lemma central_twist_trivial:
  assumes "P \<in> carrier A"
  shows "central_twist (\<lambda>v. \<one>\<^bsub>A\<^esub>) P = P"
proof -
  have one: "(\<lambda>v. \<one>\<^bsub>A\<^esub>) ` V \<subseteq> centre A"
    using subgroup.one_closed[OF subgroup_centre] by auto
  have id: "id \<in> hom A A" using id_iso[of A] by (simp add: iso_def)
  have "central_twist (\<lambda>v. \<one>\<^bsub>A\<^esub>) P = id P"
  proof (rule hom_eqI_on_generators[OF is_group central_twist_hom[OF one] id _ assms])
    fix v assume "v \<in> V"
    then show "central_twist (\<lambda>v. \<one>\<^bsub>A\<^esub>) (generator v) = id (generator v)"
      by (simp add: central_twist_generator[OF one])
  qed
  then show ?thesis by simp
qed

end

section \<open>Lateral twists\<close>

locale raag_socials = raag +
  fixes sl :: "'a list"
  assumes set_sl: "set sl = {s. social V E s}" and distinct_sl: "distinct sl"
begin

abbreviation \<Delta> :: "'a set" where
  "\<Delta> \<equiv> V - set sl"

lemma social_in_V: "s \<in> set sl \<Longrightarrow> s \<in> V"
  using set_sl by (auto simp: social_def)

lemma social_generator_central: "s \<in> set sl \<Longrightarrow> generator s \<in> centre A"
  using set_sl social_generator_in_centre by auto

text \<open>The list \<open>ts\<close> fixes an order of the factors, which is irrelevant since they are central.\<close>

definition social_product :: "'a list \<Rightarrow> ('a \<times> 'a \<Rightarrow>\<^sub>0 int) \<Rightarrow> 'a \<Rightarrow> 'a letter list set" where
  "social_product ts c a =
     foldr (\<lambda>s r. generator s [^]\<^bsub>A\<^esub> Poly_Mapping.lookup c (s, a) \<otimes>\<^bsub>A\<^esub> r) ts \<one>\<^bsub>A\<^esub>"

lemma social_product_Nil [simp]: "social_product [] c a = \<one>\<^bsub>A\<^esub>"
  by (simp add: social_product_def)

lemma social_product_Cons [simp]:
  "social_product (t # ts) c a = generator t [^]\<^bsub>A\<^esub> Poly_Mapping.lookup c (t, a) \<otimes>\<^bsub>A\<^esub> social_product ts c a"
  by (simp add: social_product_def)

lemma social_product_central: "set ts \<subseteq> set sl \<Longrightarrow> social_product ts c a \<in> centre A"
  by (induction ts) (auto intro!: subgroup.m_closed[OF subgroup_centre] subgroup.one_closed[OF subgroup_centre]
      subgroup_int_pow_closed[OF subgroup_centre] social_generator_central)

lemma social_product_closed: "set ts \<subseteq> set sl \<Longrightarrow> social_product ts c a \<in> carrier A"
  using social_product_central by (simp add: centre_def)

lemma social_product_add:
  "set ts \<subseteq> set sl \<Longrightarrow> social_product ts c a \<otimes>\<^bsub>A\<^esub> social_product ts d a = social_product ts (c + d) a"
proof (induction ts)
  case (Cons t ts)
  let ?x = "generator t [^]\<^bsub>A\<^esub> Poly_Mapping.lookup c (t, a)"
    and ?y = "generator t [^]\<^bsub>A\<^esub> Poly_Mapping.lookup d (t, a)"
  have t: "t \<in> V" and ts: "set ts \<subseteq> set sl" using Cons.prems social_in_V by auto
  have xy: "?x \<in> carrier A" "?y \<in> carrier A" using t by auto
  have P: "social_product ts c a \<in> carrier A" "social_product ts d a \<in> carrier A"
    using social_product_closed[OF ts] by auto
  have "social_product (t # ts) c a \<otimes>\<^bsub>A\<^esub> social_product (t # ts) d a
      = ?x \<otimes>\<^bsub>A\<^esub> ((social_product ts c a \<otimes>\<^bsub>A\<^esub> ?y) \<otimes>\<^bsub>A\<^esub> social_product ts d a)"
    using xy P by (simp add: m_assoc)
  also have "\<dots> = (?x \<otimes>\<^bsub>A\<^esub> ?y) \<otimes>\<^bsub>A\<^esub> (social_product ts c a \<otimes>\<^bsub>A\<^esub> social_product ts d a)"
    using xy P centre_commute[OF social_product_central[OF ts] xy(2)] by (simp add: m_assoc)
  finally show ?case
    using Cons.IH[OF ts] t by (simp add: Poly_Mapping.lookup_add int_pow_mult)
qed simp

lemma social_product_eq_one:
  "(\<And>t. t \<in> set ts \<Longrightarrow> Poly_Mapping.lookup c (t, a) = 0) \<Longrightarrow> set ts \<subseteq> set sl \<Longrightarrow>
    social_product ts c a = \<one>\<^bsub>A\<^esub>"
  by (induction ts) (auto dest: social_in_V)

..........

> **Instructions for the task**
All lines from the one that contains "ts d a \<in>" through the end of the listing above should be copied exactly, with nothing else.

> **Task response**
  have P: "social_product ts c a \<in> carrier A" "social_product ts d a \<in> carrier A"
    using social_product_closed[OF ts] by auto
  have "social_product (t # ts) c a \<otimes>\<^bsub>A\<^esub> social_product (t # ts) d a
      = ?x \<otimes>\<^bsub>A\<^esub> ((social_product ts c a \<otimes>\<^bsub>A\<^esub> ?y) \<otimes>\<^bsub>A\<^esub> social_product ts d a)"
    using xy P by (simp add: m_assoc)
  also have "\<dots> = (?x \<otimes>\<^bsub>A\<^esub> ?y) \<otimes>\<^bsub>A\<^esub> (social_product ts c a \<otimes>\<^bsub>A\<^esub> social_product ts d a)"
    using xy P centre_commute[OF social_product_central[OF ts] xy(2)] by (simp add: m_assoc)
  finally show ?case
    using Cons.IH[OF ts] t by (simp add: Poly_Mapping.lookup_add int_pow_mult)
qed simp

lemma social_product_eq_one:
  "(\<And>t. t \<in> set ts \<Longrightarrow> Poly_Mapping.lookup c (t, a) = 0) \<Longrightarrow> set ts \<subseteq> set sl \<Longrightarrow>
    social_product ts c a = \<one>\<^bsub>A\<^esub>"
  by (induction ts) (auto dest: social_in_V)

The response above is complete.